Die Grüne Reise ou The Green Journey foi o primeiro álbum produzido pelo guitarrista Achim Reichel após o abandono dos popularíssimos (pelo menos na República Federal Alemã) The Rattles. Esta banda chegou a ganhar o epíteto de Beatles germânicos devido às similaridades como os Fab Four de Liverpool, mas sempre mais no estilo que na substância. O agrupamento que Reichel reuniu para iniciar a sua nova trajectória musical não reteve, certamente, tais paralelismos, a não ser, talvez, uma saudável obsessão por Tomorrow Never Knows ou Revolution nº 9. Denominados A.R. & Machines, constituem um dos colectivos mais originais, inovadores e interessantes das franjas do rock teutónico mais arrojado.
Die Grüne Reise foi primariamente idealizado como uma banda-sonora para um filme imaginário e parece ter o poder de penetrar em todos os neurónios do ouvinte em simultâneo. Ataca em todas as frentes como onda que desfaz castelos de areia, não deixando destroços à sua passagem, mas sim novas geometrias mentais. Flui em registo contínuo, sem pausas, num caudal sonoro que aumenta e diminui de intensidade, sem nunca perder a sua essência pulsante e encantatória.

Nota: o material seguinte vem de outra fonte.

(* Let $x\in C[0,1]$ have Faber--Schauder development $$x=x(0)+(x(1)-x(0))e_\emptyset+\sum_{m=0}^\infty\sum_{k=0}^{2^m-1}\theta_{m,k}e_{m,k},\qquad \theta_{m,k}=2^{m/2}\Big(2x\big(\tfrac{2k+1}{2^{m+1}}\big)-x\big(\tfrac k{2^m}\big)-x\big(\tfrac{k+1}{2^m}\big)\Big),$$ and let $(\mathbb{T}_n)$ be the sequence of dyadic partitions. Then, for $t\in\bigcup_n\mathbb{T}_n$, the following conditions are equivalent. (a) The quadratic variation $\langle x\rangle_t$ (along the dyadic partitions) exists. (b) The limit $\ell_1(t):=\lim_{n\to\infty}\frac1{2^n}\sum_{m=0}^{n-1}\sum_{k=0}^{\lfloor (2^m-1)t\rfloor}\theta_{m,k}^2$ exists. (c) The limit $\ell_2(t):=\lim_{n\to\infty}\frac1{2^n}\sum_{k=0}^{\lfloor (2^n-1)t\rfloor}\theta_{n,k}^2$ exists. In this case, $\langle x\rangle_t=\ell_1(t)=\ell_2(t)$.
   Context: The dyadic partitions are $\mathbb{T}_n=\{k2^{-n}: k=0,\dots,2^n\}$. For $s\in\mathbb{T}_n$, $s'$ denotes the successor of $s$ in $\mathbb{T}_n$ ($s'=\min\{t\in\mathbb{T}_n: t>s\}$ if $s<1$, and $s'=1$ if $s=1$). For $x\in C[0,1]$, $\langle x\rangle^n_t:=\sum_{s\in\mathbb{T}_n,\,s\le t}(x(s')-x(s))^2$, and $x$ admits the quadratic variation $\langle x\rangle_t$ at $t$ if $\langle x\rangle_t:=\lim_{n\to\infty}\langle x\rangle^n_t$ exists. The Faber--Schauder functions on $[0,1]$ are $e_\emptyset(t)=t$, $e_{0,0}(t)=\max\{0,\min\{t,1-t\}\}$, and $e_{n,k}(t)=2^{-n/2}e_{0,0}(2^nt-k)$ for $n\ge1$, $k=0,\dots,2^n-1$; every $x\in C[0,1]$ has the uniformly convergent development stated in the claim. *)

theory Defs
  imports "HOL-Analysis.Analysis"
begin

definition dyadic_part :: "nat \<Rightarrow> real set" where
  "dyadic_part n = {real k / 2 ^ n | k. k \<le> 2 ^ n}"

definition dyadic_succ :: "nat \<Rightarrow> real \<Rightarrow> real" where
  "dyadic_succ n s = (if s < 1 then Min {u \<in> dyadic_part n. u > s} else 1)"

definition qv_n :: "(real \<Rightarrow> real) \<Rightarrow> nat \<Rightarrow> real \<Rightarrow> real" where
  "qv_n x n t = (\<Sum>s \<in> {s \<in> dyadic_part n. s \<le> t}. (x (dyadic_succ n s) - x s) ^ 2)"

definition fs_coeff :: "(real \<Rightarrow> real) \<Rightarrow> nat \<Rightarrow> nat \<Rightarrow> real" where
  "fs_coeff x m k = 2 powr (real m / 2) *
     (2 * x ((2 * real k + 1) / 2 ^ (m + 1)) - x (real k / 2 ^ m) - x ((real k + 1) / 2 ^ m))"

definition ell1_seq :: "(real \<Rightarrow> real) \<Rightarrow> real \<Rightarrow> nat \<Rightarrow> real" where
  "ell1_seq x t n = (1 / 2 ^ n) *
     (\<Sum>m<n. \<Sum>k = 0..nat \<lfloor>(2 ^ m - 1) * t\<rfloor>. (fs_coeff x m k) ^ 2)"

definition ell2_seq :: "(real \<Rightarrow> real) \<Rightarrow> real \<Rightarrow> nat \<Rightarrow> real" where
  "ell2_seq x t n = (1 / 2 ^ n) *
     (\<Sum>k = 0..nat \<lfloor>(2 ^ n - 1) * t\<rfloor>. (fs_coeff x n k) ^ 2)"

end

theory Submission
  imports Defs
begin

text \<open>
  Write D(n,k) = x((k+1)/2^n) - x(k/2^n). The parallelogram law gives
  D(n+1,2k)^2 + D(n+1,2k+1)^2 = D(n,k)^2/2 + theta(n,k)^2/2^(n+1): refining the dyadic partition
  from level n to level n+1 increases 2^n times the squared increments up to t exactly by the
  squared Faber--Schauder coefficients of level n up to t. Hence for t = j/2^N and n \<ge> N the
  n-th approximations of the quadratic variation and of ell_1(t) differ by K/2^n plus the
  squared increment of x over [t, t + 2^-n], which vanishes by continuity. Finally the
  approximations of ell_1 and ell_2 satisfy a(n+1) = (a(n) + b(n))/2, and such an averaging
  recurrence converges iff its input does, to the same limit.
\<close>

lemma halving_recurrence_tendsto_zero:
  fixes e d :: "nat \<Rightarrow> real"
  assumes rec: "\<And>n. \<bar>e (Suc n)\<bar> \<le> \<bar>e n\<bar> / 2 + \<bar>d n\<bar>" and d: "d \<longlonglongrightarrow> 0"
  shows "e \<longlonglongrightarrow> 0"
proof (rule LIMSEQ_I)
  fix r :: real assume r: "0 < r"
  obtain M where M: "\<And>n. n \<ge> M \<Longrightarrow> \<bar>d n\<bar> < r / 4"
    using LIMSEQ_D[OF d, of "r / 4"] r by auto
  have bound: "\<bar>e (M + i)\<bar> \<le> \<bar>e M\<bar> / 2 ^ i + r / 2" for i
  proof (induction i)
    case 0
    show ?case using r by simp
  next
    case (Suc i)
    have "\<bar>e (M + Suc i)\<bar> \<le> \<bar>e (M + i)\<bar> / 2 + r / 4"
      using rec[of "M + i"] M[of "M + i"] by simp
    also have "\<dots> \<le> \<bar>e M\<bar> / 2 ^ Suc i + r / 2"
      using Suc.IH by simp
    finally show ?case .
  qed
  obtain I where I: "\<And>i. i \<ge> I \<Longrightarrow> \<bar>e M\<bar> / 2 ^ i < r / 2"
    using LIMSEQ_D[OF LIMSEQ_divide_realpow_zero[of 2 "\<bar>e M\<bar>"], of "r / 2"] r by auto
  show "\<exists>n0. \<forall>n\<ge>n0. norm (e n - 0) < r"
  proof (intro exI allI impI)
    fix n assume "n \<ge> M + I"
    then have "\<bar>e M\<bar> / 2 ^ (n - M) < r / 2" and "\<bar>e n\<bar> \<le> \<bar>e M\<bar> / 2 ^ (n - M) + r / 2"
      using I bound[of "n - M"] by simp_all
    then have "\<bar>e n\<bar> < r" by linarith
    then show "norm (e n - 0) < r" by simp
  qed
qed

lemma averaging_recurrence_tendsto_iff:
  fixes b c :: "nat \<Rightarrow> real"
  assumes rec: "\<And>n. b (Suc n) = (b n + c n) / 2"
  shows "b \<longlonglongrightarrow> L \<longleftrightarrow> c \<longlonglongrightarrow> L"
proof
  assume "b \<longlonglongrightarrow> L"
  then have "(\<lambda>n. 2 * b (Suc n) - b n) \<longlonglongrightarrow> 2 * L - L"
    by (intro tendsto_intros LIMSEQ_Suc)
  moreover have "(\<lambda>n. 2 * b (Suc n) - b n) = c"
    using rec by (simp add: field_simps)
  ultimately show "c \<longlonglongrightarrow> L" by simp
next
  assume c: "c \<longlonglongrightarrow> L"
  have "\<bar>b (Suc n) - L\<bar> \<le> \<bar>b n - L\<bar> / 2 + \<bar>(c n - L) / 2\<bar>" for n
  proof -
    have "b (Suc n) - L = (b n - L) / 2 + (c n - L) / 2"
      unfolding rec by (simp add: field_simps)
    then show ?thesis by (metis abs_triangle_ineq abs_divide abs_numeral)
  qed
  moreover have "(\<lambda>n. (c n - L) / 2) \<longlonglongrightarrow> 0"
    using c by (intro tendsto_divide_zero) (simp add: LIM_zero_iff)
  ultimately have "(\<lambda>n. b n - L) \<longlonglongrightarrow> 0"
    by (rule halving_recurrence_tendsto_zero)
  then show "b \<longlonglongrightarrow> L" by (simp add: LIM_zero_iff)
qed

lemma tendsto_iff_diff_tendsto_zero:
  fixes f g :: "'a \<Rightarrow> 'b::real_normed_vector"
  assumes "((\<lambda>n. f n - g n) \<longlongrightarrow> 0) F"
  shows "(f \<longlongrightarrow> L) F \<longleftrightarrow> (g \<longlongrightarrow> L) F"
proof -
  have "((\<lambda>n. g n - f n) \<longlongrightarrow> 0) F"
    using tendsto_minus[OF assms] by simp
  then show ?thesis using assms Lim_transform by blast
qed

lemma convergent_iff_and_lim_eq:
  fixes f g :: "nat \<Rightarrow> 'a::t2_space"
  assumes "\<And>L. f \<longlonglongrightarrow> L \<longleftrightarrow> g \<longlonglongrightarrow> L"
  shows "(convergent f \<longleftrightarrow> convergent g) \<and> (convergent f \<longrightarrow> lim f = lim g)"
  using assms by (metis convergent_def limI)

lemma real_Suc_le_two_power: "k < 2 ^ n \<Longrightarrow> real k + 1 \<le> 2 ^ n"
  by (metis Suc_leI add.commute of_nat_Suc of_nat_le_iff of_nat_numeral of_nat_power)

lemma dyadic_part_eq_image: "dyadic_part n = (\<lambda>k. real k / 2 ^ n) ` {..2 ^ n}"
  unfolding dyadic_part_def by auto

lemma dyadic_succ_dyadic:
  assumes "k \<le> 2 ^ n"
  shows "dyadic_succ n (real k / 2 ^ n) = min 1 ((real k + 1) / 2 ^ n)"
proof (cases "k < 2 ^ n")
  case True
  have k1: "real k + 1 \<le> 2 ^ n"
    using True by (rule real_Suc_le_two_power)
  have "Min {u \<in> dyadic_part n. u > real k / 2 ^ n} = (real k + 1) / 2 ^ n"
  proof (rule Min_eqI)
    show "finite {u \<in> dyadic_part n. u > real k / 2 ^ n}"
      unfolding dyadic_part_eq_image by auto
    show "(real k + 1) / 2 ^ n \<in> {u \<in> dyadic_part n. u > real k / 2 ^ n}"
      unfolding dyadic_part_eq_image using True
      by (auto simp: divide_strict_right_mono intro!: image_eqI[where x = "Suc k"])
  next
    fix u assume "u \<in> {u \<in> dyadic_part n. u > real k / 2 ^ n}"
    then obtain l where u: "u = real l / 2 ^ n" and "k < l"
      unfolding dyadic_part_eq_image by (auto simp: divide_less_cancel)
    then have "real k + 1 \<le> real l"
      by (metis Suc_leI add.commute of_nat_Suc of_nat_le_iff)
    then show "(real k + 1) / 2 ^ n \<le> u"
      unfolding u by (simp add: divide_right_mono)
  qed
  moreover have "real k / 2 ^ n < 1"
    using True by (simp add: divide_less_eq)
  ultimately show ?thesis
    using k1 by (simp add: dyadic_succ_def)
next
  case False
  then show ?thesis
    using assms by (simp add: dyadic_succ_def)
qed

definition dyadic_incr :: "(real \<Rightarrow> real) \<Rightarrow> nat \<Rightarrow> nat \<Rightarrow> real" where
  "dyadic_incr x n k = x ((real k + 1) / 2 ^ n) - x (real k / 2 ^ n)"

text \<open>As qv_n sums over all s \<le> t, it includes the increment from t to its successor.\<close>
lemma qv_n_dyadic:
  assumes "p \<le> 2 ^ n"
  shows "qv_n x n (real p / 2 ^ n) = (\<Sum>k<p. (dyadic_incr x n k)\<^sup>2)
           + (x (min 1 ((real p + 1) / 2 ^ n)) - x (real p / 2 ^ n))\<^sup>2"
proof -
  have points: "{s \<in> dyadic_part n. s \<le> real p / 2 ^ n} = (\<lambda>k. real k / 2 ^ n) ` {..p}"
    unfolding dyadic_part_eq_image using assms by (force simp: divide_right_mono divide_le_cancel)
  have "inj_on (\<lambda>k. real k / 2 ^ n) {..p}"
    by (auto simp: inj_on_def)
  then have "qv_n x n (real p / 2 ^ n)
      = (\<Sum>k\<le>p. (x (min 1 ((real k + 1) / 2 ^ n)) - x (real k / 2 ^ n))\<^sup>2)"
    unfolding qv_n_def points using assms by (simp add: sum.reindex dyadic_succ_dyadic)
  also have "\<dots> = (\<Sum>k<p. (dyadic_incr x n k)\<^sup>2)
           + (x (min 1 ((real p + 1) / 2 ^ n)) - x (real p / 2 ^ n))\<^sup>2"
  proof -
    have "min 1 ((real k + 1) / 2 ^ n) = (real k + 1) / 2 ^ n" if "k < p" for k
    proof -
      have "real k + 1 \<le> 2 ^ n"
        using that assms by (intro real_Suc_le_two_power) simp
      then show ?thesis by simp
    qed
    then show ?thesis
      by (simp add: lessThan_Suc_atMost[symmetric] dyadic_incr_def)
  qed
  finally show ?thesis .
qed

lemma fs_coeff_squared:
  "(fs_coeff x m k)\<^sup>2 = 2 ^ m *
     (2 * x ((2 * real k + 1) / 2 ^ (m + 1)) - x (real k / 2 ^ m) - x ((real k + 1) / 2 ^ m))\<^sup>2"
proof -
  have "(2 powr (real m / 2))\<^sup>2 = (2::real) ^ m"
    by (simp add: power2_eq_square powr_add[symmetric] powr_realpow)
  then show ?thesis
    by (simp add: fs_coeff_def power_mult_distrib)
qed

lemma dyadic_incr_refine:
  "(dyadic_incr x (Suc n) (2 * k))\<^sup>2 + (dyadic_incr x (Suc n) (2 * k + 1))\<^sup>2
     = (dyadic_incr x n k)\<^sup>2 / 2 + (fs_coeff x n k)\<^sup>2 / 2 ^ Suc n"
proof -
  have left: "real (2 * k) / 2 ^ Suc n = real k / 2 ^ n"
    and mid: "(real (2 * k) + 1) / 2 ^ Suc n = (2 * real k + 1) / 2 ^ (n + 1)"
    and mid': "real (2 * k + 1) / 2 ^ Suc n = (2 * real k + 1) / 2 ^ (n + 1)"
    and right: "(real (2 * k + 1) + 1) / 2 ^ Suc n = (real k + 1) / 2 ^ n"
    by (simp_all add: field_simps)
  show ?thesis
    unfolding dyadic_incr_def fs_coeff_squared left mid mid' right
    by (simp add: field_simps power2_eq_square)
qed

lemma sum_dyadic_incr_refine:
  "(\<Sum>k<2 * p. (dyadic_incr x (Suc n) k)\<^sup>2)
     = (\<Sum>k<p. (dyadic_incr x n k)\<^sup>2) / 2 + (\<Sum>k<p. (fs_coeff x n k)\<^sup>2) / 2 ^ Suc n"
proof (induction p)
  case 0
  show ?case by simp
next
  case (Suc p)
  have "(\<Sum>k<2 * Suc p. (dyadic_incr x (Suc n) k)\<^sup>2) = (\<Sum>k<2 * p. (dyadic_incr x (Suc n) k)\<^sup>2)
      + ((dyadic_incr x (Suc n) (2 * p))\<^sup>2 + (dyadic_incr x (Suc n) (2 * p + 1))\<^sup>2)"
    by simp
  then show ?case
    unfolding Suc.IH dyadic_incr_refine by (simp add: add_divide_distrib)
qed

A sonoridade de Die Grüne Reise assenta num cocktail de rock enraizado nos blues e uma carga psicadélica capaz de implodir qualquer cérebro mais incauto. É, em suma, um disco sensitivo e policromático, que nos envolve mental e fisicamente. A abertura com Globus (Globe) dá-se num crescendo rítmico repetitivo e guitarras espiraladas que culminam em espasmos psicadélicos, tudo no espaço de três minutos, e que desembocam no hard rock insinuante e alucinogéneo de In the Same Boat (Im Selben Boot). Schones Babylon (Beautiful Babylon) é o ponto de convergência entre ambas e, por esta altura, a contaminação sonora já se consumou.
I'll Be Your Singer - You'll Be My Song (Ich Bein Dein Sänger, Du Bist Mein Lied) envereda por guitarras acústicas e percussão orgânica e aproxima-se dos territórios trilhados pelos Can. Body e A Book's Blues são dois intróitos que acrescentam bizarria à já hiperactiva toada do álbum, sendo a primeira uma colagem de guitarra, percussão e voz e a segunda um exercício de blues estranhamente convencional.
Als Hätt Ich das Älles Schon Mal Gehesen (As If I Had Seen This All Before) retoma o curso sonâmbulo da viagem (trip?) verde, enaltecendo a paisagem sónica com electrónicas transcendentes. Cosmic Vibration não se afasta do rumo e as guitarras envolvem-nos em ecos vertiginosos, por entre o ritmo e a electrónica fustigantes. Come on People arrasta consigo ecos do rock da West Coast americana, calorosos e vibrantes e a jornada chega ao fim em Wahrheit und Wahrscheinlichkeit (Truth and Probability). Aqui perdem-se quaisquer elos de ligação com a realidade e o tema move-se fora da gravidade, entre vozes fantasmagóricas e absurdas - que poderiam ter sido conjuradas por Ligeti - e electricidade em ebulição. Alucinante, distorcida e desafiante, a peça parece ser um negativo da restante toada do álbum, voltando-nos para uma surreal introspecção.
Die Grüne Reise é, em suma, um dos grandes clássicos da primeira fase do krautrock. Uma obra inovadora, que ainda hoje soa muito à frente do ano em que foi editada (1971) e cuja influência não pode ser desdenhada. Consta, inclusive, que Brian Eno se inspirou nela para a sua própria obra-prima Another Green World, pelo que não faltam razões para dar a Die Grüne Reise o realce merecido.
De salientar igualmente que a produção aqui abordada diz respeito à reedição do disco levada a cabo em 2007. O alinhamento é ligeiramente diferente da primeira edição em vinil, considerando-se, contudo, definitivo. Esta versão remasterizada do álbum apresentou-se acompanhada de um DVD, fazendo jus ao objectivo primário da obra: um filme produzido por estudantes universitários alemães e que permite, finalmente, experienciar Die Grüne Reise em toda a sua plenitude.